[AFS3-std] Re: [OpenAFS-devel] convergence of RxOSD, Extended Call Backs, Byte Range Locking, etc.

Jeffrey Altman jaltman@secure-endpoints.com
Mon, 27 Jul 2009 09:56:22 -0400


Hartmut:

You are welcome for the advise.  I would be happy to provide much more
of it once I am able to read a protocol specification.

Thank you.

Jeffrey Altman


Hartmut Reuter wrote:
> Jeffrey:
> 
> thank you very much for your long advise. I will follow it. The only
> change I would propose is to name the new RPCs differently because we
> will have asynchronous I/O not only with OSDs, but also with direct
> access to visible fileserver partitions (what I called embedded
> filesystems).
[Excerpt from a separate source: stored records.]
(* Let $(X,d)$ be any metric space, $x_0\in X$, $n\geq 1$. Equipped with the topology induced by the pseudometric $\rho$, $\pi_n(X,x_0)$ is a topological group, and for every $r>0$ the open ball $B_\rho(e,r)=\{a\in\pi_n(X,x_0)\mid\rho(e,a)<r\}$ is an open normal subgroup.
   Context: $\Omega^n(X,x_0)$ is the set of continuous maps $\alpha:[0,1]^n\to X$ with $\alpha(\partial[0,1]^n)=\{x_0\}$, with uniform metric $\mu(\alpha,\beta)=\sup_{t\in[0,1]^n}d(\alpha(t),\beta(t))$. For $a,b\in\pi_n(X,x_0)$, $\rho(a,b)=\inf\{\mu(\alpha,\beta)\mid\alpha\in a,\beta\in b\}$, which is a pseudometric; $e$ denotes the identity element. *)

theory Defs
  imports "HOL-Analysis.Analysis" "HOL-Algebra.Coset"
begin

text \<open>The n-cube [0,1]^n, realised inside nat => real (product topology):
  coordinates 0..n-1 range over [0,1], all other coordinates are 0.\<close>
definition cube :: "nat \<Rightarrow> (nat \<Rightarrow> real) set" where
  "cube n = {t. (\<forall>i<n. 0 \<le> t i \<and> t i \<le> 1) \<and> (\<forall>i\<ge>n. t i = 0)}"

definition cube_boundary :: "nat \<Rightarrow> (nat \<Rightarrow> real) set" where
  "cube_boundary n = {t \<in> cube n. \<exists>i<n. t i = 0 \<or> t i = 1}"

text \<open>Omega^n(X,x0): continuous maps of the cube into X sending the boundary to x0
  (only the restriction to the cube is relevant).\<close>
definition Omega :: "nat \<Rightarrow> 'a::topological_space set \<Rightarrow> 'a \<Rightarrow> ((nat \<Rightarrow> real) \<Rightarrow> 'a) set" where
  "Omega n X x0 = {\<alpha>. continuous_on (cube n) \<alpha> \<and> \<alpha> ` cube n \<subseteq> X \<and>
                       (\<forall>t\<in>cube_boundary n. \<alpha> t = x0)}"

definition rel_homotopic :: "nat \<Rightarrow> 'a::topological_space set \<Rightarrow> 'a
    \<Rightarrow> ((nat \<Rightarrow> real) \<Rightarrow> 'a) \<Rightarrow> ((nat \<Rightarrow> real) \<Rightarrow> 'a) \<Rightarrow> bool" where
  "rel_homotopic n X x0 \<alpha> \<beta> \<longleftrightarrow>
     homotopic_with (\<lambda>f. \<forall>t\<in>cube_boundary n. f t = x0)
       (top_of_set (cube n)) (top_of_set X) \<alpha> \<beta>"

definition homotopy_rel :: "nat \<Rightarrow> 'a::topological_space set \<Rightarrow> 'a
    \<Rightarrow> (((nat \<Rightarrow> real) \<Rightarrow> 'a) \<times> ((nat \<Rightarrow> real) \<Rightarrow> 'a)) set" where
  "homotopy_rel n X x0 = {(\<alpha>, \<beta>). \<alpha> \<in> Omega n X x0 \<and> \<beta> \<in> Omega n X x0 \<and> rel_homotopic n X x0 \<alpha> \<beta>}"

definition concat_cube :: "((nat \<Rightarrow> real) \<Rightarrow> 'a) \<Rightarrow> ((nat \<Rightarrow> real) \<Rightarrow> 'a) \<Rightarrow> (nat \<Rightarrow> real) \<Rightarrow> 'a" where
  "concat_cube \<alpha> \<beta> t = (if t 0 \<le> 1/2 then \<alpha> (t(0 := 2 * t 0)) else \<beta> (t(0 := 2 * t 0 - 1)))"

definition pi_group :: "nat \<Rightarrow> 'a::topological_space set \<Rightarrow> 'a
    \<Rightarrow> (((nat \<Rightarrow> real) \<Rightarrow> 'a) set) monoid" where
  "pi_group n X x0 =
    \<lparr>carrier = Omega n X x0 // homotopy_rel n X x0,
     mult = (\<lambda>A B. homotopy_rel n X x0 `` {concat_cube (SOME \<alpha>. \<alpha> \<in> A) (SOME \<beta>. \<beta> \<in> B)}),
     one = homotopy_rel n X x0 `` {\<lambda>t. x0}\<rparr>"

definition mu :: "nat \<Rightarrow> ((nat \<Rightarrow> real) \<Rightarrow> 'a::metric_space) \<Rightarrow> ((nat \<Rightarrow> real) \<Rightarrow> 'a) \<Rightarrow> real" where
  "mu n \<alpha> \<beta> = (SUP t\<in>cube n. dist (\<alpha> t) (\<beta> t))"

definition rho :: "nat \<Rightarrow> ((nat \<Rightarrow> real) \<Rightarrow> 'a::metric_space) set
    \<Rightarrow> ((nat \<Rightarrow> real) \<Rightarrow> 'a) set \<Rightarrow> real" where
  "rho n a b = Inf {mu n \<alpha> \<beta> | \<alpha> \<beta>. \<alpha> \<in> a \<and> \<beta> \<in> b}"

definition pseudometric_topology :: "'b set \<Rightarrow> ('b \<Rightarrow> 'b \<Rightarrow> real) \<Rightarrow> 'b topology" where
  "pseudometric_topology S d =
     topology (\<lambda>U. U \<subseteq> S \<and> (\<forall>a\<in>U. \<exists>r>0. {b \<in> S. d a b < r} \<subseteq> U))"

definition pi_topology :: "nat \<Rightarrow> 'a::metric_space set \<Rightarrow> 'a
    \<Rightarrow> ((nat \<Rightarrow> real) \<Rightarrow> 'a) set topology" where
  "pi_topology n X x0 = pseudometric_topology (carrier (pi_group n X x0)) (rho n)"

definition topological_group :: "('b, 'c) monoid_scheme \<Rightarrow> 'b topology \<Rightarrow> bool" where
  "topological_group G T \<longleftrightarrow>
     group G \<and> topspace T = carrier G \<and>
     continuous_map (prod_topology T T) T (\<lambda>(a, b). a \<otimes>\<^bsub>G\<^esub> b) \<and>
     continuous_map T T (\<lambda>a. inv\<^bsub>G\<^esub> a)"

end

theory Submission
  imports Defs
begin

text \<open>Concatenation in the first cube coordinate and reversal of that coordinate make the
  homotopy classes a group.  Both operations act pointwise on representatives, so choosing
  representatives that are uniformly close gives
  \<open>\<rho>(ab, a'b') \<le> max (\<rho>(a, a')) (\<rho>(b, b'))\<close> and \<open>\<rho>(a\<inverse>, b\<inverse>) \<le> \<rho>(a, b)\<close>.
  For any group carrying a pseudometric with these two properties, multiplication and
  inversion are continuous, the strong triangle inequality
  \<open>\<rho>(a, c) \<le> max (\<rho>(a, b)) (\<rho>(b, c))\<close> makes every ball open, and the ball of radius r
  around e is a subgroup that is invariant under conjugation, since
  \<open>\<rho>(e, x h x\<inverse>) \<le> max (\<rho>(x, x)) (\<rho>(e, h)) = \<rho>(e, h)\<close>.\<close>

section \<open>Groups with an invariant ultrametric pseudometric\<close>

lemma openin_pseudometric_topology:
  "openin (pseudometric_topology S d) U \<longleftrightarrow>
     U \<subseteq> S \<and> (\<forall>a\<in>U. \<exists>r>0. {b \<in> S. d a b < r} \<subseteq> U)"
proof -
  have "istopology (\<lambda>U. U \<subseteq> S \<and> (\<forall>a\<in>U. \<exists>r>0. {b \<in> S. d a b < r} \<subseteq> U))"
    unfolding istopology_def
  proof (rule conjI; intro allI impI)
    fix U V assume U: "U \<subseteq> S \<and> (\<forall>a\<in>U. \<exists>r>0. {b \<in> S. d a b < r} \<subseteq> U)"
      and V: "V \<subseteq> S \<and> (\<forall>a\<in>V. \<exists>r>0. {b \<in> S. d a b < r} \<subseteq> V)"
    show "U \<inter> V \<subseteq> S \<and> (\<forall>a\<in>U \<inter> V. \<exists>r>0. {b \<in> S. d a b < r} \<subseteq> U \<inter> V)"
    proof (intro conjI ballI)
      show "U \<inter> V \<subseteq> S"
        using U by blast
      fix a assume a: "a \<in> U \<inter> V"
      then obtain r1 r2 where r: "r1 > 0" "{b \<in> S. d a b < r1} \<subseteq> U"
        "r2 > 0" "{b \<in> S. d a b < r2} \<subseteq> V"
        using U V by blast
      then have "{b \<in> S. d a b < min r1 r2} \<subseteq> U \<inter> V"
        by auto
      then show "\<exists>r>0. {b \<in> S. d a b < r} \<subseteq> U \<inter> V"
        using r by (intro exI[of _ "min r1 r2"]) auto
    qed
  next
    fix K assume K: "\<forall>U\<in>K. U \<subseteq> S \<and> (\<forall>a\<in>U. \<exists>r>0. {b \<in> S. d a b < r} \<subseteq> U)"
    show "\<Union>K \<subseteq> S \<and> (\<forall>a\<in>\<Union>K. \<exists>r>0. {b \<in> S. d a b < r} \<subseteq> \<Union>K)"
    proof (intro conjI ballI)
      show "\<Union>K \<subseteq> S"
        using K by blast
      fix a assume "a \<in> \<Union>K"
      then obtain U where "U \<in> K" "a \<in> U"
        by blast
      then obtain r where "r > 0" "{b \<in> S. d a b < r} \<subseteq> U"
        using K by blast
      then show "\<exists>r>0. {b \<in> S. d a b < r} \<subseteq> \<Union>K"
        using \<open>U \<in> K\<close> by blast
    qed
  qed
  then show ?thesis
    unfolding pseudometric_topology_def by simp
qed
lemma char_poly_spider_balanced:
  assumes "k \<ge> 1"
  shows "char_poly (laplacian (spider_vertices k k) (spider_adj k k)) =
    [:0, 1:] * [:1, -3, 1:] ^ (k - 1) * [:2 * real k + 1, - (real k + 3), 1:]"
proof (rule poly_eqI_cofinite)
  show "finite ({1} \<union> {x :: real. poly [:1, -3, 1:] x = 0})"
    using poly_roots_finite[of "[:1, -3, 1:] :: real poly"] by simp
next
  fix x :: real
  assume "x \<notin> {1} \<union> {x. poly [:1, -3, 1:] x = 0}"
  then have x: "x \<noteq> 1" "x\<^sup>2 - 3 * x + 1 \<noteq> 0"
    by (auto simp: algebra_simps power2_eq_square)
  define a d where "a = x - 1" and "d = x - 2 - 1 / (x - 1)"
  have da: "d * a = x\<^sup>2 - 3 * x + 1"
    using x by (simp add: a_def d_def field_simps power2_eq_square)
  then have "d \<noteq> 0"
    using x by auto
  obtain m where m: "k = Suc m"
    using assms by (cases k) auto
  have "poly (char_poly (laplacian (spider_vertices k k) (spider_adj k k))) x =
      (x - k - k / d) * d ^ k * a ^ k"
    using poly_char_poly_spider[of k k x] x by (simp add: a_def d_def)
  also have "\<dots> = ((x - k) * (d * a) - k * a) * (d * a) ^ m"
    using \<open>d \<noteq> 0\<close> by (simp add: m field_simps power_mult_distrib)
  also have "\<dots> =
      x * (x\<^sup>2 - (real k + 3) * x + (2 * real k + 1)) * (x\<^sup>2 - 3 * x + 1) ^ m"
    unfolding da by (simp add: a_def algebra_simps power2_eq_square)
  also have "\<dots> =
      poly ([:0, 1:] * [:1, -3, 1:] ^ (k - 1) * [:2 * real k + 1, - (real k + 3), 1:]) x"
    by (simp add: m algebra_simps power2_eq_square)
  finally show "poly (char_poly (laplacian (spider_vertices k k) (spider_adj k k))) x =
      poly ([:0, 1:] * [:1, -3, 1:] ^ (k - 1) * [:2 * real k + 1, - (real k + 3), 1:]) x" .
qed
theorem proposition3p1:
  shows "(\<forall>(V :: 'a set) E. connected_graph V E \<longrightarrow>
            distinguishing_number V E \<le> metric_dim V E + 1)
         \<and> (\<forall>n\<ge>2. connected_graph (path_V n) (path_E n) \<and>
            distinguishing_number (path_V n) (path_E n) = metric_dim (path_V n) (path_E n) + 1)"
proof (intro conjI allI impI)
  fix V :: "'a set" and E
  assume "connected_graph V E"
  then show "distinguishing_number V E \<le> metric_dim V E + 1"
    by (rule distinguishing_number_le_metric_dim)
next
  fix n :: nat
  assume n: "n \<ge> 2"
  then show connected: "connected_graph (path_V n) (path_E n)" by (rule path_connected)
  have "2 \<le> distinguishing_number (path_V n) (path_E n)"
    using distinguishing_number_ge_2[OF connected path_reflection_automorphism, of 0] n
    by (simp add: path_V_def)
  moreover have "distinguishing_number (path_V n) (path_E n) \<le> 2"
    using distinguishing_number_le_metric_dim[OF connected] path_metric_dim[OF n] by simp
  ultimately show "distinguishing_number (path_V n) (path_E n) = metric_dim (path_V n) (path_E n) + 1"
    using path_metric_dim[OF n] by simp
qed

end
lemma single_out_not_reached_after:
  assumes c: "c \<in> {1..n}"
  shows "c \<notin> reachmap n arc (symdiff (single_out c) {c})"
proof
  let ?y = "symdiff (single_out c) {c}"
  have arc: "arc (single_out c) ?y"
    using outmap_single_out[OF c] outmap_iff by blast
  assume "c \<in> reachmap n arc ?y"
  then have "(?y, single_out c) \<in> (arcs arc)\<^sup>*"
    using reachmap_iff_reaches_single_out[OF _ c] arc_cube[OF arc] by blast
  with arc have "(single_out c, single_out c) \<in> (arcs arc)\<^sup>+"
    by (simp add: rtrancl_into_trancl2)
  with no_cycle show False
    by blast
qed

lemma covered_by_sink:
  assumes "v \<in> cube n" "outmap n arc v \<noteq> {}" "card (symdiff v t) \<le> k"
  shows "covered n arc k v t"
proof -
  have "reachmap n arc v \<noteq> {}"
    using assms(2) outmap_subset_reachmap by blast
  then show ?thesis
    using covered_by_face_sink[OF assms(1) sink_cube] assms(3) outmap_sink reachmap_sink by simp
qed

lemma single_out_face_sink:
  assumes v: "v \<in> cube n" and a: "a \<in> symdiff v t"
  shows "a \<in> {1..n}" and "outmap n arc (single_out a) \<inter> symdiff v (single_out a) = {}"
proof -
  show a_dir: "a \<in> {1..n}"
    using a symdiff_subset_cube[OF v sink_cube] by blast
  then show "outmap n arc (single_out a) \<inter> symdiff v (single_out a) = {}"
    using a single_out_side outmap_single_out by auto
qed

lemma dir_in_reachmap:
  assumes v: "v \<in> cube n" and a: "a \<in> symdiff v t"
  shows "a \<in> reachmap n arc v"
  using reachmap_iff_reaches_single_out[OF v] single_out_face_sink[OF v a]
    path_to_face_sink[OF v single_out_cube] relpow_imp_rtrancl by blast

end

locale far_vertex = auso_with_sink +
  fixes v :: "nat set"
  assumes v_cube: "v \<in> cube n" and n_ge_4: "4 \<le> n"
    and far_from_sink: "n - 1 \<le> card (symdiff v t)"
    and far_from_single_outs: "\<And>a. a \<in> symdiff v t \<Longrightarrow>
      reachmap n arc (single_out a) \<noteq> reachmap n arc v \<Longrightarrow> n - 2 < card (symdiff v (single_out a))"
begin

definition antipode :: "nat set" where
  "antipode = {1..n} - v"

definition shrinking :: "nat set" where
  "shrinking = {a \<in> symdiff v t. reachmap n arc (single_out a) \<noteq> reachmap n arc v}"

lemma dirs_subset: "symdiff v t \<subseteq> {1..n}"
  using symdiff_subset_cube[OF v_cube sink_cube] .

lemma antipode_cube: "antipode \<in> cube n"
  by (simp add: antipode_def cube_iff)

lemma card_dirs_ge_3: "3 \<le> card (symdiff v t)"
  using far_from_sink n_ge_4 by linarith

lemma single_out_shrinking:
  assumes a: "a \<in> shrinking"
  shows "single_out a = symdiff antipode {a}"
proof -
  have aD: "a \<in> symdiff v t" and ne: "reachmap n arc (single_out a) \<noteq> reachmap n arc v"
    using a unfolding shrinking_def by blast+
  note a_dir = single_out_face_sink(1)[OF v_cube aD]
  let ?S = "symdiff v (single_out a)"
  have "a \<notin> ?S"
    using single_out_face_sink(2)[OF v_cube aD] outmap_single_out[OF a_dir] by blast
  then have sub: "?S \<subseteq> {1..n} - {a}"
    using symdiff_subset_cube[OF v_cube single_out_cube[OF a_dir]] by blast
  moreover have "card ({1..n} - {a}) \<le> card ?S"
    using far_from_single_outs[OF aD ne] a_dir by simp
  ultimately have "?S = {1..n} - {a}"
    using card_seteq[OF _ sub] by simp
  then show ?thesis
    using symdiff_solve[of v "{1..n}" "single_out a" "{a}"] v_cube single_out_cube[OF a_dir] a_dir
    unfolding antipode_def cube_iff by blast
qed

lemma shrinking_subset: "shrinking \<subseteq> {1..n}"
  using dirs_subset unfolding shrinking_def by blast

lemma outmap_antipode_flip:
  assumes "a \<in> shrinking"
  shows "outmap n arc (symdiff antipode {a}) = {a}"
  using outmap_single_out[of a] single_out_shrinking[OF assms] assms shrinking_subset by auto

lemma nonshrinking_unique:
  assumes f: "f \<in> symdiff v t - shrinking" and f': "f' \<in> symdiff v t - shrinking"
  shows "f = f'"
proof -
  have dirs: "f \<in> {1..n}" "f' \<in> {1..n}"
    using f f' dirs_subset by blast+
  have "reachmap n arc (single_out f) = reachmap n arc v" "reachmap n arc (single_out f') = reachmap n arc v"
    using f f' unfolding shrinking_def by blast+
  moreover have "f \<in> reachmap n arc v" "f' \<in> reachmap n arc v"
    using f f' dir_in_reachmap[OF v_cube] by blast+
  ultimately have "f' \<in> reachmap n arc (single_out f)" "f \<in> reachmap n arc (single_out f')"
    by simp_all
  then have "(single_out f, single_out f') \<in> (arcs arc)\<^sup>*" "(single_out f', single_out f) \<in> (arcs arc)\<^sup>*"
    using reachmap_iff_reaches_single_out[OF single_out_cube[OF dirs(1)] dirs(2)]
      reachmap_iff_reaches_single_out[OF single_out_cube[OF dirs(2)] dirs(1)] by blast+
  then have "single_out f = single_out f'"
    by (rule antisymD[OF acyclic_impl_antisym_rtrancl[OF acyclic_arcs]])
  then have "{f} = {f'}"
    using outmap_single_out dirs by metis
  then show ?thesis
    by blast
qed

lemma two_shrinking:
  obtains a a' where "a \<in> shrinking" "a' \<in> shrinking" "a \<noteq> a'"
proof -
  have fin: "finite (symdiff v t)"
    using dirs_subset finite_subset by blast
  then have "card (symdiff v t - shrinking) \<le> 1"
    using nonshrinking_unique card_le_Suc0_iff_eq[of "symdiff v t - shrinking"] by simp
  moreover have "symdiff v t = shrinking \<union> (symdiff v t - shrinking)"
    unfolding shrinking_def by blast
  then have "card (symdiff v t) \<le> card shrinking + card (symdiff v t - shrinking)"
    by (metis card_Un_le)
  ultimately have "\<not> card shrinking \<le> Suc 0"
    using card_dirs_ge_3 by linarith
  moreover have "finite shrinking"
    using shrinking_subset finite_subset by blast
  ultimately show ?thesis
    using that card_le_Suc0_iff_eq by blast
qed

lemma antipode_flip_outside:
  assumes e: "e \<in> {1..n}" "e \<notin> symdiff v t"
  shows "symdiff antipode {e} = t"
proof -
  have sub: "symdiff v t \<subseteq> {1..n} - {e}"
    using e dirs_subset by blast
  moreover have "card ({1..n} - {e}) \<le> card (symdiff v t)"
    using far_from_sink e by simp
  ultimately have "symdiff v t = {1..n} - {e}"
    using card_seteq[OF _ sub] by blast
  then show ?thesis
    using symdiff_solve[of v "{1..n}" t "{e}"] v_cube sink_cube e unfolding antipode_def cube_iff
    by blast
qed

lemma shrinking_not_in_reachmap_antipode:
  assumes a: "a \<in> shrinking"
  shows "a \<notin> reachmap n arc antipode"
proof -
  have "symdiff (single_out a) {a} = antipode"
    using single_out_shrinking[OF a] by auto
  then show ?thesis
    using single_out_not_reached_after a shrinking_subset by (metis subsetD)
qed

lemma reachmap_antipode_flip:
  assumes c: "c \<in> {1..n}" "c \<notin> symdiff v t - shrinking"
  shows "reachmap n arc (symdiff antipode {c}) \<subseteq> {c} \<union> reachmap n arc antipode"
proof (cases "c \<in> shrinking")
  case True
  have "symdiff (symdiff antipode {c}) {c} = antipode"
    by auto
  then show ?thesis
    using reachmap_subset_successors[of "symdiff antipode {c}" "{c}"] outmap_antipode_flip[OF True]
    by simp
next
  case False
  with c have "symdiff antipode {c} = t"
    using antipode_flip_outside by blast
  then show ?thesis
    using reachmap_sink by simp
qed
lemma contractible_tamed_complex_structures:
  assumes "W \<noteq> {}" and bil: "\<And>\<omega>. \<omega> \<in> W \<Longrightarrow> bilinear \<omega>"
    and B: "B \<in> tamed_complex_structures W"
  shows "contractible (tamed_complex_structures W)"
proof -
  let ?S = "tamed_complex_structures W"
  let ?h = "\<lambda>(t, A). cayley_path A B t"
  obtain \<omega> where \<omega>: "\<omega> \<in> W"
    using assms(1) by blast
  have inv: "invertible (A + B)" if "A \<in> ?S" for A
    using invertible_add_tamed_by[OF bil[OF \<omega>]] that B \<omega> by (auto simp: tamed_complex_structures_def)
  have invP: "invertible (mat 1 - t *\<^sub>R cayley A B)" if "t \<in> {0..1}" "A \<in> ?S" for t A
    using invertible_one_minus_cayley[OF bil[OF \<omega>]] that B \<omega> by (auto simp: tamed_complex_structures_def)
  have "?h (t, A) \<in> ?S" if "t \<in> {0..1}" "A \<in> ?S" for t A
  proof -
    have "complex_structure (cayley_path A B t)"
      unfolding cayley_path_def
      using complex_structure_conjugate[OF _ invP[OF that]] B
      by (simp add: tamed_complex_structures_def)
    moreover have "tamed_by (cayley_path A B t) \<omega>'" if "\<omega>' \<in> W" for \<omega>'
      using tamed_by_cayley_path[OF bil[OF that]] \<open>A \<in> ?S\<close> \<open>t \<in> {0..1}\<close> B that
      by (simp add: tamed_complex_structures_def)
    ultimately show ?thesis
      by (simp add: tamed_complex_structures_def)
  qed
  then have "continuous_map (prod_topology (top_of_set {0..1}) (top_of_set ?S)) (top_of_set ?S) ?h"
    using continuous_on_cayley_path[OF inv invP]
    unfolding subtopology_Times[symmetric] prod_topology_euclidean continuous_map_subtopology_eu
    by blast
  moreover have "?h (1, A) = A" if "A \<in> ?S" for A
    using cayley_path_1 B that inv invP[of 1] by (auto simp: tamed_complex_structures_def)
  ultimately have "homotopic_with_canon (\<lambda>_. True) ?S ?S (\<lambda>_. B) id"
    unfolding homotopic_with[where P = "\<lambda>_. True", simplified]
    by (intro exI[of _ ?h]) simp
  then show ?thesis
    unfolding contractible_def using homotopic_with_symD by blast
qed

theorem proposition1p1:
  fixes \<omega>0 \<omega>1 :: "real^'n \<Rightarrow> real^'n \<Rightarrow> real"
  assumes "symplectic_form \<omega>0" and "symplectic_form \<omega>1"
  shows "{J. complex_structure J \<and> tamed_by J \<omega>0 \<and> tamed_by J \<omega>1} = {}
       \<or> contractible {J. complex_structure J \<and> tamed_by J \<omega>0 \<and> tamed_by J \<omega>1}"
proof -
  have S: "{J. complex_structure J \<and> tamed_by J \<omega>0 \<and> tamed_by J \<omega>1}
      = tamed_complex_structures {\<omega>0, \<omega>1}"
    by (auto simp: tamed_complex_structures_def)
  have bil: "bilinear \<omega>" if "\<omega> \<in> {\<omega>0, \<omega>1}" for \<omega>
    using assms that unfolding symplectic_form_def by blast
  show ?thesis
  proof (cases "tamed_complex_structures {\<omega>0, \<omega>1} = {}")
    case False
    then obtain B where B: "B \<in> tamed_complex_structures {\<omega>0, \<omega>1}"
      by blast
    have "contractible (tamed_complex_structures {\<omega>0, \<omega>1})"
      using contractible_tamed_complex_structures[OF _ bil B] by simp
    then show ?thesis
      unfolding S ..
  qed (simp add: S)
qed

end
So I think we need six new RPCs:
> 
> RRAFS_StartAsyncFetch(...)
> RXAFS_ExtendAsyncFetch(...)
> RXAFS_EndAsyncFetch(...)
> RXAFS_StartAsyncStore(...)
> RXAFS_ExtendAsyncStore(...)
> RXAFS_EndAsyncStore(...)
> 
> These RPCs would replace RXAFS_GetOSDlocation, and RXAFS_Serverpath and
> in some cases storeMini.
> 
> Hartmut
> 
> 
> 
> Jeffrey Altman wrote:
>> Hartmut:
>>
>> The issue to which Jeff Hutzelman is referring is RXAFS_SetLock,
>> RXAFS_ReleaseLock, and RXAFS_ExtendLock.   As you know, these RPCs are
>> used to manage the CM-FS transactions for file locks.  A CM requests a
>> lock with SetLock and then proceeds to extend the lifetime of the lock
>> every five minutes with ExtendLock and releases the lock with ReleaseLock.
>>
>> The problem is that there is no magic cookie or lockId or transactionId
>> returned as part of the SetLock call.  Therefore, when the FS receives a
>> ExtendLock or ReleaseLock call it does not know if the request came from
>> the CM that issued the original SetLock or not.
>>
>> An ExtendLock can be issued and will succeed as long as the lock count
>> is non-zero.  If there is a client that is issuing ExtendLock calls on a
>> FID, those will fail until such time as another client obtains a read
>> lock at which point the lock will be successfully extended even though
>> it was never issued.
>>
>> In the same regards, a ReleaseLock can be issued and will succeed on a
>> FID even when there is no outstanding lock issued to the CM performing
>> the release.
>>
>> We have seen these problems in practice.  A CM was issued a lock and
>> then gets disconnected from the network for longer than five minutes
>> (perhaps due to a suspend).  The lock for that CM should have been
>> dropped but the CM is unaware and when it wakes attempts to ExtendLock
>> and eventually ReleaseLock causing the lock counts to get out of sync.
>> We have also seen buggy clients that issue ExtendLocks and never stop
>> even after the client has issued a ReleaseLock.
>>
>> Now that we have UUIDs for most clients (UUIDs are not required) we can
>> mitigate the problem by tracking the clients that are actively issued
>> locks and when they will expire.  However, it cannot be fixed entirely.
>>
>> The proper way to address this is for SetLock to return some identifier
>> for the lock that can be used to ensure that when an ExtendLock or
>> ReleaseLock is sent, it applies only to the one instance of a lock that
>> was issued and not to any others.
>>
>> The
>> RXAFS_OSD_StartFetchData/RXAFS_OSD_ExtendFetchData/RXAFS_OSD_EndFetchData
>> and
>> RXAFS_OSD_StartStoreData/RXAFS_OSD_ExtendStoreData/RXAFS_OSD_EndStoreData
>> rpcs are going to have exactly the same issue as
>> SetLock/ExtendLock/ReleaseLock rpcs.   Jeff's point is that we must not
>> repeat the same mistakes from our past.
>>
>> Jeffrey Altman
>>
> 
>